Горечь нахлынула на нее, когда она опустила занавеску и вернулась в маленькую тусклую гостиную, освещаемую только огнем в камине. Электричество и телефон отключились пять часов назад. Через два часа после этого тупая боль в спине, которая была настолько постоянна в течение многих недель, что Кэтлин просто перестала замечать ее, начала усиливаться и перешла во что-то большее, потом скрутила увеличившийся живот. Только слегка обеспокоившись, она игнорировала боль как ложные схватки: в конце концов, до срока оставалось еще три недели и пять дней. Но когда полчаса назад отошли воды, больше не осталось никаких сомнений: начинаются роды.
Она в полном одиночестве и сидит на мели.
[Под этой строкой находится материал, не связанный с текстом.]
lemma listset_imp_comp_index:
  assumes "finite I" "I \<noteq> {}" "\<rho> \<in> canon_partitions I" "\<sigma>s \<in> listset (map canon_partitions \<rho>)"
  defines "\<pi> \<equiv> sort_key set_key (concat \<sigma>s)"
  shows "\<pi> \<in> canon_partitions I" "\<sigma>s \<in> comp_index \<pi>"
proof -
  have groups: "\<forall>\<sigma>\<in>set \<sigma>s. disjoint_blocks \<sigma> \<and> \<sigma> \<noteq> [] \<and> \<sigma> \<in> canon_partitions (covered \<sigma>)"
    using listset_canon_partitions_groups[OF assms(1,3,4)] by blast
  have covered: "map covered \<sigma>s = \<rho>" by (rule map_covered_listset[OF assms(4)])
  have "distinct (flat_blocks \<rho>)"
    using canon_partitions_disjoint_blocks[OF assms(1,3)] by (simp add: disjoint_blocks_def)
  moreover have "mset (flat_blocks (concat \<sigma>s)) = mset (flat_blocks \<rho>)"
    using mset_flat_blocks_covered[of \<sigma>s] groups covered by (simp add: disjoint_blocks_def)
  ultimately have "distinct (flat_blocks (concat \<sigma>s))"
    using mset_eq_imp_distinct_iff by blast
  then have concat: "disjoint_blocks (concat \<sigma>s)"
    using groups by (auto simp: disjoint_blocks_def)
  have "covered (concat \<sigma>s) = covered (map covered \<sigma>s)" by auto
  then have "covered (concat \<sigma>s) = I" using covered assms(3) by (simp add: covered_canon_partitions)
  moreover have "sorted_wrt set_less \<pi>" unfolding \<pi>_def
    using concat disjoint_blocks_distinct[OF concat] by (intro sorted_wrt_set_less_sort_key) (auto simp: disjoint_blocks_def)
  moreover have "disjoint_blocks \<pi>" unfolding \<pi>_def by (rule disjoint_blocks_perm[OF concat]) simp
  ultimately show "\<pi> \<in> canon_partitions I"
    using assms(1) by (simp add: canon_partitions_iff disjoint_blocks_def \<pi>_def)
  show "\<sigma>s \<in> comp_index \<pi>"
    unfolding comp_index_def
  proof (intro CollectI conjI ballI)
    show "\<sigma>s \<noteq> []" using covered assms(2,3) by (auto simp: canon_partitions_def)
    show "distinct (concat \<sigma>s)" by (rule disjoint_blocks_distinct[OF concat])
    show "set (concat \<sigma>s) = set \<pi>" by (simp add: \<pi>_def)
    show "sorted_wrt set_less (map covered \<sigma>s)"
      using covered assms(3) by (simp add: canon_partitions_def)
  qed (use groups in auto)
qed

lemma comp_index_UN_eq_listset_UN:
  assumes "finite I" "I \<noteq> {}"
  shows "(\<Union>\<pi>\<in>canon_partitions I. comp_index \<pi>) = (\<Union>\<rho>\<in>canon_partitions I. listset (map canon_partitions \<rho>))"
proof (intro equalityI subsetI)
  fix hs assume "hs \<in> (\<Union>\<pi>\<in>canon_partitions I. comp_index \<pi>)"
  then obtain \<pi> where "\<pi> \<in> canon_partitions I" "hs \<in> comp_index \<pi>" by blast
  from comp_index_imp_listset[OF assms(1) this]
  show "hs \<in> (\<Union>\<rho>\<in>canon_partitions I. listset (map canon_partitions \<rho>))" by blast
next
  fix \<sigma>s assume "\<sigma>s \<in> (\<Union>\<rho>\<in>canon_partitions I. listset (map canon_partitions \<rho>))"
  then obtain \<rho> where "\<rho> \<in> canon_partitions I" "\<sigma>s \<in> listset (map canon_partitions \<rho>)" by blast
  from listset_imp_comp_index[OF assms this]
  show "\<sigma>s \<in> (\<Union>\<pi>\<in>canon_partitions I. comp_index \<pi>)" by blast
qed

lemma comp_index_disjoint:
  assumes "\<pi> \<in> canon_partitions I" "\<pi>' \<in> canon_partitions I" "\<pi> \<noteq> \<pi>'"
  shows "comp_index \<pi> \<inter> comp_index \<pi>' = {}"
proof (rule ccontr)
  assume "comp_index \<pi> \<inter> comp_index \<pi>' \<noteq> {}"
  then have "set \<pi> = set \<pi>'" by (auto simp: comp_index_def)
  then show False using assms set_less_unique by (auto simp: canon_partitions_def)
qed

section \<open>Expanding both sides\<close>

context composition_setting
begin

lemma admissible_relabel:
  assumes "block_bijection Ks \<pi>" "finite I" "I \<subseteq> J" "\<pi> \<in> canon_partitions I" "gs \<in> comp_index Ks"
  shows "admissible (map (map (relabel Ks \<pi>)) gs) \<and> card_sorted (map (map (relabel Ks \<pi>)) gs)"
proof -
  interpret block_bijection Ks \<pi> by fact
  have v: "grouping Ks gs" by (rule comp_index_grouping[OF assms(5)])
  have v': "grouping \<pi> (map (map \<phi>) gs)" by (rule grouping_relabel[OF v])
  have "disjoint_blocks (concat (map (map \<phi>) gs))"
    by (rule grouping_disjoint_blocks_concat[OF canon_partitions_disjoint_blocks[OF assms(2,4)] v'])
  moreover have "set (concat (map (map \<phi>) gs)) = set \<pi>" using v' unfolding grouping_def by blast
  then have "\<forall>X\<in>set (concat (map (map \<phi>) gs)). X \<subseteq> J"
    using assms(3) covered_canon_partitions[OF assms(4)] by blast
  moreover have "\<forall>h\<in>set (map (map \<phi>) gs). h \<noteq> []" using v' unfolding grouping_def by blast
  ultimately have "admissible (map (map \<phi>) gs)"
    unfolding admissible_def by blast
  moreover have "sorted (map card (map \<phi> \<rho>))" if "\<rho> \<in> set gs" for \<rho>
  proof -
    have "\<rho> \<in> canon_partitions (covered \<rho>)" using assms(5) that by (simp add: comp_index_def)
    then have "sorted (map card \<rho>)" by (rule canon_partitions_sorted_card)
    moreover have "set \<rho> \<subseteq> set Ks" using v that by (auto simp: grouping_def)
    then have "map card (map \<phi> \<rho>) = map card \<rho>" by (rule map_card_relabel)
    ultimately show ?thesis by (simp only:)
  qed
  moreover have "sorted (group_sizes (map (map \<phi>) gs))"
  proof -
    have "group_sizes (map (map \<phi>) gs) = map card (map covered gs)"
      using card_covered_relabel[OF v] by simp
    moreover have "sorted (map card (map covered gs))"
      using assms(5) by (intro sorted_card_of_set_less) (simp add: comp_index_def)
    ultimately show ?thesis by (simp only:)
  qed
  ultimately show ?thesis by (simp add: card_sorted_def)
qed

lemma sum_comp_term_relabel:
  assumes "block_bijection Ks \<pi>" "finite I" "I \<subseteq> J" "\<pi> \<in> canon_partitions I"
  shows "(\<Sum>gs\<in>comp_index Ks. comp_term (map (map (relabel Ks \<pi>)) gs)) = (\<Sum>hs\<in>comp_index \<pi>. comp_term hs)"
proof -
  interpret block_bijection Ks \<pi> by fact
  interpret inverse: block_bijection \<pi> Ks
    using blocks blocks' same_length same_cards by unfold_locales auto
  show ?thesis
  proof (rule sum.reindex_bij_witness[where i = "\<lambda>hs. normalize_groups (map (map \<psi>) hs)"
        and j = "\<lambda>gs. normalize_groups (map (map \<phi>) gs)"])
    fix gs assume gs: "gs \<in> comp_index Ks"
    show "normalize_groups (map (map \<psi>) (normalize_groups (map (map \<phi>) gs))) = gs"
      by (rule normalize_groups_relabel_inverse[OF gs])
    show "normalize_groups (map (map \<phi>) gs) \<in> comp_index \<pi>"
      by (rule normalize_groups_relabel[OF gs])
    show "comp_term (normalize_groups (map (map \<phi>) gs)) = comp_term (map (map \<phi>) gs)"
      using admissible_relabel[OF assms gs] comp_term_normalize by blast
  next
    fix hs assume hs: "hs \<in> comp_index \<pi>"
    show "normalize_groups (map (map \<phi>) (normalize_groups (map (map \<psi>) hs))) = hs"
      by (rule inverse.normalize_groups_relabel_inverse[OF hs])
    show "normalize_groups (map (map \<psi>) hs) \<in> comp_index Ks"
      by (rule inverse.normalize_groups_relabel[OF hs])
  qed
qed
Этот рождественский снег, столь желанный миллионам детей, может принести смерть ее собственному ребенку.
Слезы обжигали глаза. Кэтлин бесстрастно вынесла плохой брак и конец всех иллюзий, оказавшись лицом к лицу с суровой реальностью: одинокая и беременная, много работающая официантка, пытающаяся прокормить себя и обеспечить дом для этого ребенка, даже притом что вначале яростно возмущалась возникшей беременностью. Но когда он начал двигаться в ней — сначала нежные легкие порхания, потом настоящие пинки и тычки — то превратился в реальность, в человека, в друга. Это ее ребенок. Она хотела его, мечтала баюкать его, и любить, и напевать колыбельные. Это единственный человек, который остался у нее в этом мире, но теперь она может потерять его, возможно, в наказанье за прежнее негодование. Как нелепо: вынашивать его все это время только для того, чтобы потерять на Рождество! Этот день, по идее, был днем надежды, веры и обещаний, но всякие надежды покинули ее, так же как и вера в людей, а будущее обещало только бесконечную череду суровых будней. Все, что у нее было, — она сама и крошечная жизнь в ней, которая теперь находилась в опасности.
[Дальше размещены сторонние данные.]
(* Let $G=(V,E)$ be an undirected graph, let $K$ be the set of in-degree vectors of all orientations of $G$, and let $C_1\subset\dots\subset C_q=V$, $\{S_1,\dots,S_q\}$ and $\beta_1>\dots>\beta_q$ be the canonical chain, canonical partition and essential value-sequence of $K$. An orientation $D$ of $G$ is decreasingly minimal if and only if $\varrho_D(C_i)=0$ for each $i=1,\dots,q$ and $\beta_i-1\le\varrho_D(v)\le\beta_i$ for every node $v\in S_i$ $(i=1,\dots,q)$.
   Context: $\varrho_D(v)$ is the number of arcs of $D$ with head $v$, and $\varrho_D(X)$ the number of arcs entering $X$ (head in $X$, tail outside). The in-degree vector of $D$ is $(\varrho_D(v))_{v\in V}$. An orientation is decreasingly minimal if its in-degree vector is decreasingly minimal in $K$ (largest component as small as possible, then the second largest, etc.). Canonical objects: take a decreasingly minimal $m\in K$; for $u\in V$ let $T_m(u)=\{s\in V: m+\chi_s-\chi_u\in K\}$. Put $\beta_1=\max_v m(v)$, $C_1=\bigcup\{T_m(u):m(u)=\beta_1\}$; for $i\ge2$, while $C_{i-1}\ne V$, put $\beta_i=\max\{m(s):s\in V-C_{i-1}\}$, $C_i=\bigcup\{T_m(u):m(u)\ge\beta_i\}$; stop when $C_q=V$; $S_i=C_i-C_{i-1}$ with $C_0=\emptyset$. These objects are known not to depend on the choice of $m$. *)

theory Defs
  imports Main "HOL-Library.Multiset"
begin

text \<open>An undirected graph G = (V,E) (parallel edges and loops allowed) is given by a
finite vertex set V, a finite edge set E and an endpoint map ends; edge e joins
fst (ends e) and snd (ends e).\<close>

definition is_orientation :: "'e set \<Rightarrow> ('e \<Rightarrow> 'v \<times> 'v) \<Rightarrow> ('e \<Rightarrow> 'v) \<Rightarrow> bool" where
  "is_orientation E ends h \<longleftrightarrow> (\<forall>e\<in>E. h e = fst (ends e) \<or> h e = snd (ends e))"

definition tail_of :: "('e \<Rightarrow> 'v \<times> 'v) \<Rightarrow> ('e \<Rightarrow> 'v) \<Rightarrow> 'e \<Rightarrow> 'v" where
  "tail_of ends h e = (if h e = fst (ends e) then snd (ends e) else fst (ends e))"

definition indeg :: "'e set \<Rightarrow> ('e \<Rightarrow> 'v) \<Rightarrow> 'v \<Rightarrow> int" where
  "indeg E h v = int (card {e\<in>E. h e = v})"

definition indeg_set :: "'e set \<Rightarrow> ('e \<Rightarrow> 'v \<times> 'v) \<Rightarrow> ('e \<Rightarrow> 'v) \<Rightarrow> 'v set \<Rightarrow> nat" where
  "indeg_set E ends h X = card {e\<in>E. h e \<in> X \<and> tail_of ends h e \<notin> X}"

definition indeg_vec :: "'v set \<Rightarrow> 'e set \<Rightarrow> ('e \<Rightarrow> 'v) \<Rightarrow> 'v \<Rightarrow> int" where
  "indeg_vec V E h = (\<lambda>v. if v \<in> V then indeg E h v else 0)"

definition indeg_vectors :: "'v set \<Rightarrow> 'e set \<Rightarrow> ('e \<Rightarrow> 'v \<times> 'v) \<Rightarrow> ('v \<Rightarrow> int) set" where
  "indeg_vectors V E ends = {indeg_vec V E h | h. is_orientation E ends h}"

definition dec_seq :: "'v set \<Rightarrow> ('v \<Rightarrow> int) \<Rightarrow> int list" where
  "dec_seq V m = rev (sorted_list_of_multiset (image_mset m (mset_set V)))"

definition dec_smaller :: "'v set \<Rightarrow> ('v \<Rightarrow> int) \<Rightarrow> ('v \<Rightarrow> int) \<Rightarrow> bool" where
  "dec_smaller V m' m \<longleftrightarrow> (dec_seq V m', dec_seq V m) \<in> lexord {(a, b). a < b}"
Кэтлин могла бы родить ребенка прямо здесь и без посторонней помощи. В доме тепло, и в любом случае она сможет поддерживать огонь. Она-то выживет, а ребенок? Роды начались преждевременно. Малыш не сможет нормально самостоятельно дышать. И вдруг что-то пойдет неправильно?
Или можно попытаться добраться до клиники, до которой двадцать четыре километра. В погожие дни путь легкий… но погода совсем испортилась, и ветер завывал все громче. Дорога очень ненадежная, да и видимость ограничена. Она не сможет сделать это, и попытка, возможно, будет стоить ей и собственной жизни, и жизни ребенка.
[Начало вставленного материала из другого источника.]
lemma bform_QR_blocks:
  assumes "x \<in> zvecs 8" "y \<in> zvecs 8" "z \<in> zvecs 8" "x' \<in> zvecs 8" "y' \<in> zvecs 8" "z' \<in> zvecs 8"
  shows "bform gram_QR 24 (blocks x y z) (blocks x' y' z') =
           2 * e8_form x x' - e8_form x y' - e8_form y x' + 2 * e8_form y y' + 3 * e8_form z z'"
  using assms by (simp add: bform_QR)

lemma block_eq_0_if_vanishing:
  assumes "\<And>i. i div 8 = a \<Longrightarrow> v i = 0"
  shows "block a v = 0"
  using assms by (simp add: block_def fun_eq_iff)

lemma blocks_vanishing_outside:
  "i div 8 \<noteq> 0 \<Longrightarrow> blocks x 0 0 i = 0"
  "i div 8 \<noteq> 1 \<Longrightarrow> blocks 0 y 0 i = 0"
  "i div 8 \<noteq> 2 \<Longrightarrow> blocks 0 0 z i = 0"
  by (auto simp: blocks_def)

lemma E8_3_summand_eq:
  "E8_3_summand 0 = (\<lambda>x. blocks x 0 0) ` zvecs 8"
  "E8_3_summand 1 = (\<lambda>y. blocks 0 y 0) ` zvecs 8"
  "E8_3_summand 2 = (\<lambda>z. blocks 0 0 z) ` zvecs 8"
proof -
  have other_blocks: "block a v = 0" if "v \<in> E8_3_summand b" "a \<noteq> b" for v a b
    using that by (intro block_eq_0_if_vanishing) (simp add: E8_3_summand_def)
  have summand_zvecs: "v \<in> zvecs 24" if "v \<in> E8_3_summand b" for v b
    using that by (simp add: E8_3_summand_def)
  have "v = blocks (block 0 v) 0 0" if "v \<in> E8_3_summand 0" for v
    using blocks_block[OF summand_zvecs[OF that]]
      other_blocks[OF that, of 1] other_blocks[OF that, of 2] by simp
  moreover have "v = blocks 0 (block 1 v) 0" if "v \<in> E8_3_summand 1" for v
    using blocks_block[OF summand_zvecs[OF that]]
      other_blocks[OF that, of 0] other_blocks[OF that, of 2] by simp
  moreover have "v = blocks 0 0 (block 2 v)" if "v \<in> E8_3_summand 2" for v
    using blocks_block[OF summand_zvecs[OF that]]
      other_blocks[OF that, of 0] other_blocks[OF that, of 1] by simp
  ultimately show
    "E8_3_summand 0 = (\<lambda>x. blocks x 0 0) ` zvecs 8"
    "E8_3_summand 1 = (\<lambda>y. blocks 0 y 0) ` zvecs 8"
    "E8_3_summand 2 = (\<lambda>z. blocks 0 0 z) ` zvecs 8"
    using blocks_vanishing_outside by (auto simp: E8_3_summand_def image_iff)
qed

lemma R_part_eq: "R_part = (\<lambda>z. blocks 0 0 z) ` zvecs 8"
proof -
  have "i div 8 = 2 \<longleftrightarrow> 16 \<le> i \<and> i < 24" for i :: nat
    by presburger
  then have "R_part = E8_3_summand 2"
    unfolding R_part_def E8_3_summand_def zvecs_def by auto
  then show ?thesis
    by (simp add: E8_3_summand_eq)
qed

lemma inj_on_zvecs_if_additive:
  fixes f :: "(nat \<Rightarrow> int) \<Rightarrow> 'a :: ab_group_add"
  assumes add: "\<And>v w. v \<in> zvecs n \<Longrightarrow> w \<in> zvecs n \<Longrightarrow> f (v + w) = f v + f w"
    and kernel: "\<And>v. v \<in> zvecs n \<Longrightarrow> f v = 0 \<Longrightarrow> v = 0"
  shows "inj_on f (zvecs n)"
proof (rule inj_onI)
  fix v w assume v: "v \<in> zvecs n" and w: "w \<in> zvecs n" and eq: "f v = f w"
  have "f v = f (v - w) + f w"
    using add[of "v - w" w] v w by simp
  then have "f (v - w) = 0"
    using eq by simp
  then show "v = w"
    using kernel[of "v - w"] v w by simp
qed

lemma isometric_embeddingI:
  assumes "\<And>v. v \<in> zvecs 24 \<Longrightarrow> f v \<in> zvecs 24"
    and "\<And>v w. v \<in> zvecs 24 \<Longrightarrow> w \<in> zvecs 24 \<Longrightarrow> f (v + w) = f v + f w"
    and "\<And>v w. v \<in> zvecs 24 \<Longrightarrow> w \<in> zvecs 24 \<Longrightarrow>
           bform gram_E8_3 24 (f v) (f w) = bform gram_QR 24 v w"
    and "\<And>v. v \<in> zvecs 24 \<Longrightarrow> f v = 0 \<Longrightarrow> v = 0"
  shows "isometric_embedding f"
  using assms inj_on_zvecs_if_additive[of 24 f]
  unfolding isometric_embedding_def QR_lattice_def E8_3_def by blast

section \<open>An embedding with \<open>R\<close> as fixed lattice of the cyclic shift\<close>

definition diagonal_embedding :: "(nat \<Rightarrow> int) \<Rightarrow> nat \<Rightarrow> int" where
  "diagonal_embedding v =
     blocks (block 0 v + block 2 v) (block 1 v - block 0 v + block 2 v) (block 2 v - block 1 v)"

lemma diagonal_embedding_blocks [simp]:
  assumes "x \<in> zvecs 8" "y \<in> zvecs 8" "z \<in> zvecs 8"
  shows "diagonal_embedding (blocks x y z) = blocks (x + z) (y - x + z) (z - y)"
  using assms by (simp add: diagonal_embedding_def)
Ну и что? Слова эхом отозвались в мыслях. Какое значение будет иметь ее жизнь, если ребенок умрет? Как она сможет жить в мире сама с собой, если решит защитить себя, рискуя жизнью ребенка? Возможно, все обойдется, но она не может рисковать. Ради ребенка она должна попытаться.
Неуклюже передвигаясь по комнате, Кэтлин оделась тепло, как могла, в несколько слоев одежды, пока не превратилась в ковыляющую тыкву. Женщина собрала воду, одеяла, еще одну ночную рубашку для себя и одежку для ребенка, и с последней надеждой на всякий случай еще раз проверила телефон — вдруг связь восстановили. Только тишина достигала ее уха, и она с сожалением опустила трубку.
Глубоко вздохнув, чтобы взять себя в руки, Кэтлин открыла заднюю дверь, и тут же ее стегануло ледяным ветром и колючим снегом. Она наклонила голову и, борясь с ветром, осторожно спустилась на два шага по обледенелым ступенькам. Она и так-то не очень хорошо удерживала равновесие, а тут еще и ветер бил в нее, заставляя покачиваться. На полпути через двор женщина поскользнулась и упала, но поспешно поднялась, как только почувствовала толчок. «Прости, прости», — выдохнула она ребенку, лаская живот. Малыш низко обосновался в животе и больше не пинался, но давление увеличивалось. Идти было трудно. Когда она добралась до старого грузовичка, схватка вновь скрутила ее, она согнулась и снова упала. Эта судорога была гораздо сильней, чем другие, и все, что она могла сделать, — беспомощно лежать в снегу, пока боль не ослабла, и кусать губы, чтобы удержаться от громких стонов.